В переписанном мной тексте Санчеса отец захотел бы в прямом смысле покончить с сыном, то есть убить его без околичностей. И перед нами оказался бы не страх отца, обнаружившего, что его наследник – такое же чудовище, как и он сам, а его противоестественное желание покончить с тридцатилетним сыном, которого он считает выродком, не заслуживающим права на жизнь. Разумеется, я вовсе не разделяю преступного намерения Вальтера, среди прочего еще и потому, что никому не желаю смерти, а также и потому, что обожаю троих своих сыновей. Как раз вчера Мигель и Антонио, старший и средний, позвонили из Серденьи, где проводят изумительный отпуск среди развалин Пулы: тридцать лет назад у нас с Кармен там был медовый месяц. Люблю вас, сказал я им. И тотчас добавил, давая понять, что провожу второй медовый месяц с их матерью: «Мы оба вас любим».

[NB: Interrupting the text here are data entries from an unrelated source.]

theorem lemma2:
  fixes c :: "int \<Rightarrow> complex" and \<theta>0 :: real and N0 :: nat and M :: real
    and f :: "real \<Rightarrow> complex"
  assumes "0 \<le> \<theta>0" and "\<theta>0 < pi / 2"
    and "\<forall>n::int. n \<ge> 1 \<longrightarrow> c n + c (-n) \<in> sector \<theta>0 \<and> c n - c (-n) \<in> sector \<theta>0"
    and "N0 \<ge> 1" and "M > 0"
    and "\<forall>m::int. m \<ge> 1 \<longrightarrow>
           (\<Sum>n\<in>{m..2*m}. cmod (c n - c (n + 1)))
             \<le> M * Max ((\<lambda>n. cmod (c n)) ` {m..<m + int N0})"
    and "f = (\<lambda>x. lim (\<lambda>n. partial_sum c n x))"
    and "uniform_limit UNIV (partial_sum c) f sequentially"
  shows "(\<lambda>n::nat. of_nat n * c (int n)) \<longlonglongrightarrow> 0"
proof (rule LIMSEQ_I)
  fix r :: real assume "r > 0"
  define B where "B = r / (4 * real N0 * (M + 2))"
  have "B > 0"
    using \<open>r > 0\<close> assms(4,5) by (simp add: B_def)
  obtain P0 where window: "\<And>P Q. P0 \<le> P \<Longrightarrow> P < Q \<Longrightarrow> Q \<le> 3 * (P + 1) \<Longrightarrow>
      (\<Sum>k\<in>{int P<..int Q}. cmod (c k)) \<le> B"
    using uniform_limit_sector_window_bound[OF _ assms(1,2,8) \<open>B > 0\<close>] assms(3) by blast
  have "real N0 * (M + 2) \<noteq> 0"
    using assms(4,5) by simp
  then have "2 * real N0 * (M + 2) * B = r / 2"
    by (simp add: B_def field_simps)
  moreover have "real n * cmod (c (int n)) \<le> 2 * real N0 * (M + 2) * B" if "2 * P0 + 2 \<le> n" for n
    using assms(4-6) window that by (intro of_nat_mult_norm_le_window_bound) auto
  ultimately have "norm (of_nat n * c (int n) - 0) < r" if "2 * P0 + 2 \<le> n" for n
    using that \<open>r > 0\<close> by (fastforce simp: norm_mult)
  then show "\<exists>n0. \<forall>n\<ge>n0. norm (of_nat n * c (int n) - 0) < r"
    by blast
qed

end
(* Consider the online class matching problem in the divisible setting (described in the context). For every $\gamma \in [0,1]$, there exists an online divisible algorithm that is simultaneously $\left(1 - \frac{e^{\gamma-1}}{\gamma+1}\right)$-USW and $(1-e^{-\gamma})$-CEF.
   Context: Online class matching: an instance is a bipartite graph $G=(N,M,E)$ with a set $N$ of agents (known in advance), a set $M$ of items, and $E \subseteq M \times N$; agent $a$ likes item $o$ iff $(o,a)\in E$. The agents are partitioned into $k$ known classes $N_1,\dots,N_k$. Items arrive one at a time in an adversarially chosen order; when item $o$ arrives, the set of agents liking $o$ is revealed and the algorithm must immediately and irrevocably assign (in the divisible setting, fractions of) $o$ to agents liking it. A fractional matching is $X=(x_{o,a})\in[0,1]^{M\times N}$ supported on $E$ with $\sum_a x_{o,a}\le 1$ for every item $o$ and $\sum_o x_{o,a}\le 1$ for every agent $a$. The value of agent $a$ is $V_a(X)=\sum_o x_{o,a}$ and the class value is $V_i(X)=\sum_{a\in N_i}V_a(X)$. For each class $j$, let $y_j(X)\in[0,1]^M$ with $y_j(X)_o=\sum_{a\in N_j}x_{o,a}$. For $y\in[0,1]^M$, the optimistic valuation $V_i^*(y)$ is the maximum size of a fractional matching using edges of $E$ between $N_i$ and $M$ in which each item $o$ has fractional degree at most $y_o$ and each agent has fractional degree at most $1$. The utilitarian social welfare is $\mathrm{usw}(X)=\sum_i V_i(X)$. A (possibly randomized) online algorithm outputting $X$ is $\alpha$-CEF if on every instance, for all classes $i,j$, $\mathbb{E}[V_i(X)]\ge \alpha\,\mathbb{E}[V_i^*(y_j(X))]$; it is $\beta$-USW if on every instance $\mathbb{E}[\mathrm{usw}(X)]\ge \beta\cdot \mathrm{usw}(X^* )$ for every fractional matching $X^*$ of $G$. *)

theory Defs
  imports "HOL-Probability.Probability"
begin

text \<open>The items are the indices 0..<length seq, arriving in this order; item o is
  liked exactly by the agents in seq ! q.\<close>

definition agents :: "'a set list \<Rightarrow> 'a set" where
  "agents cls = \<Union> (set cls)"

definition is_instance :: "'a set list \<Rightarrow> 'a set list \<Rightarrow> bool" where
  "is_instance cls seq \<longleftrightarrow>
     (\<forall>i < length cls. finite (cls ! i)) \<and>
     (\<forall>i < length cls. \<forall>j < length cls. i \<noteq> j \<longrightarrow> cls ! i \<inter> cls ! j = {}) \<and>
     (\<forall>q < length seq. seq ! q \<subseteq> agents cls)"

text \<open>Fractional matching X (X o a = fraction of item o given to agent a) supported on E.\<close>
definition frac_matching :: "'a set list \<Rightarrow> 'a set list \<Rightarrow> (nat \<Rightarrow> 'a \<Rightarrow> real) \<Rightarrow> bool" where
  "frac_matching cls seq X \<longleftrightarrow>
     (\<forall>q a. 0 \<le> X q a \<and> X q a \<le> 1) \<and>
     (\<forall>q a. X q a \<noteq> 0 \<longrightarrow> q < length seq \<and> a \<in> seq !  q) \<and>
     (\<forall>q. (\<Sum>a\<in>agents cls. X q a) \<le> 1) \<and>
     (\<forall>a. (\<Sum>q<length seq. X q a) \<le> 1)"

definition agent_value :: "'a set list \<Rightarrow> (nat \<Rightarrow> 'a \<Rightarrow> real) \<Rightarrow> 'a \<Rightarrow> real" where
  "agent_value seq X a = (\<Sum>q<length seq. X q a)"

definition class_value :: "'a set list \<Rightarrow> 'a set list \<Rightarrow> (nat \<Rightarrow> 'a \<Rightarrow> real) \<Rightarrow> nat \<Rightarrow> real" where
  "class_value cls seq X i = (\<Sum>a\<in>cls ! i. agent_value seq X a)"

definition usw :: "'a set list \<Rightarrow> 'a set list \<Rightarrow> (nat \<Rightarrow> 'a \<Rightarrow> real) \<Rightarrow> real" where
  "usw cls seq X = (\<Sum>i<length cls. class_value cls seq X i)"

definition class_alloc :: "'a set list \<Rightarrow> (nat \<Rightarrow> 'a \<Rightarrow> real) \<Rightarrow> nat \<Rightarrow> nat \<Rightarrow> real" where
  "class_alloc cls X j q = (\<Sum>a\<in>cls ! j. X q a)"

text \<open>Optimistic valuation V_i^*(y): the maximum size of a fractional matching between
  class i and the items, using edges of E, with item capacities y and agent capacities 1.\<close>
definition opt_val :: "'a set list \<Rightarrow> 'a set list \<Rightarrow> nat \<Rightarrow> (nat \<Rightarrow> real) \<Rightarrow> real" where
  "opt_val cls seq i y = Sup {(\<Sum>q<length seq. \<Sum>a\<in>cls ! i. z q a) | z.
      (\<forall>q a. 0 \<le> z q a) \<and>
      (\<forall>q a. z q a \<noteq> 0 \<longrightarrow> q < length seq \<and> a \<in> seq ! q \<and> a \<in> cls ! i) \<and>
      (\<forall>q < length seq. (\<Sum>a\<in>cls ! i. z q a) \<le> y  q) \<and>
      (\<forall>a \<in> cls ! i. (\<Sum>q<length seq. z q a) \<le> 1)}"

text \<open>A deterministic online divisible algorithm: given the (known) classes and the prefix
  of arrived items (neighbour sets, current item last), it outputs the split of the
  current item among the agents.  Being a function of the prefix only makes it online.\<close>
type_synonym 'a online_alg = "'a set list \<Rightarrow> 'a set list \<Rightarrow> 'a \<Rightarrow> real"

definition run :: "'a online_alg \<Rightarrow> 'a set list \<Rightarrow> 'a set list \<Rightarrow> nat \<Rightarrow> 'a \<Rightarrow> real" where
  "run alg cls seq q a = (if q < length seq then alg cls (take (Suc  q) seq) a else 0)"

definition valid_online_alg :: "'a online_alg \<Rightarrow> bool" where
  "valid_online_alg alg \<longleftrightarrow>
     (\<forall>cls seq. is_instance cls seq \<longrightarrow> frac_matching cls seq (run alg cls seq))"

definition valid_rand_alg :: "'a online_alg pmf \<Rightarrow> bool" where
  "valid_rand_alg P \<longleftrightarrow> (\<forall>alg \<in> set_pmf P. valid_online_alg alg)"

definition is_CEF :: "real \<Rightarrow> 'a online_alg pmf \<Rightarrow> bool" where
  "is_CEF \<alpha> P \<longleftrightarrow> (\<forall>cls seq. is_instance cls seq \<longrightarrow>
     (\<forall>i < length cls. \<forall>j < length cls.
        measure_pmf.expectation P (\<lambda>alg. class_value cls seq (run alg cls seq) i)
        \<ge> \<alpha> * measure_pmf.expectation P
              (\<lambda>alg. opt_val cls seq i (class_alloc cls (run alg cls seq) j))))"

definition is_USW :: "real \<Rightarrow> 'a online_alg pmf \<Rightarrow> bool" where
  "is_USW \<beta> P \<longleftrightarrow> (\<forall>cls seq. is_instance cls seq \<longrightarrow>
     (\<forall>Xs. frac_matching cls seq Xs \<longrightarrow>
        measure_pmf.expectation P (\<lambda>alg. usw cls seq (run alg cls seq)) \<ge> \<beta> * usw cls seq Xs))"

Такое я отваживаюсь сказать по телефону, но зато робею произнести в глаза: разве что вчера, когда не стал сдерживаться.
– Мы тоже вас любим! – закричал Мигель, самый ласковый из братьев, не знаю самый ли умный, что, впрочем, не имеет значения, если любишь всех троих одинаково.
– Нет, я больше, – сказал я.
И Кармен попеняла мне за то, что я так смущаю их. Они уже большие мальчики, только и сказал я в ответ, черта с два их смутишь.
– Мы вас любим! – сказал Антонио, чтобы не оставаться в меньшинстве.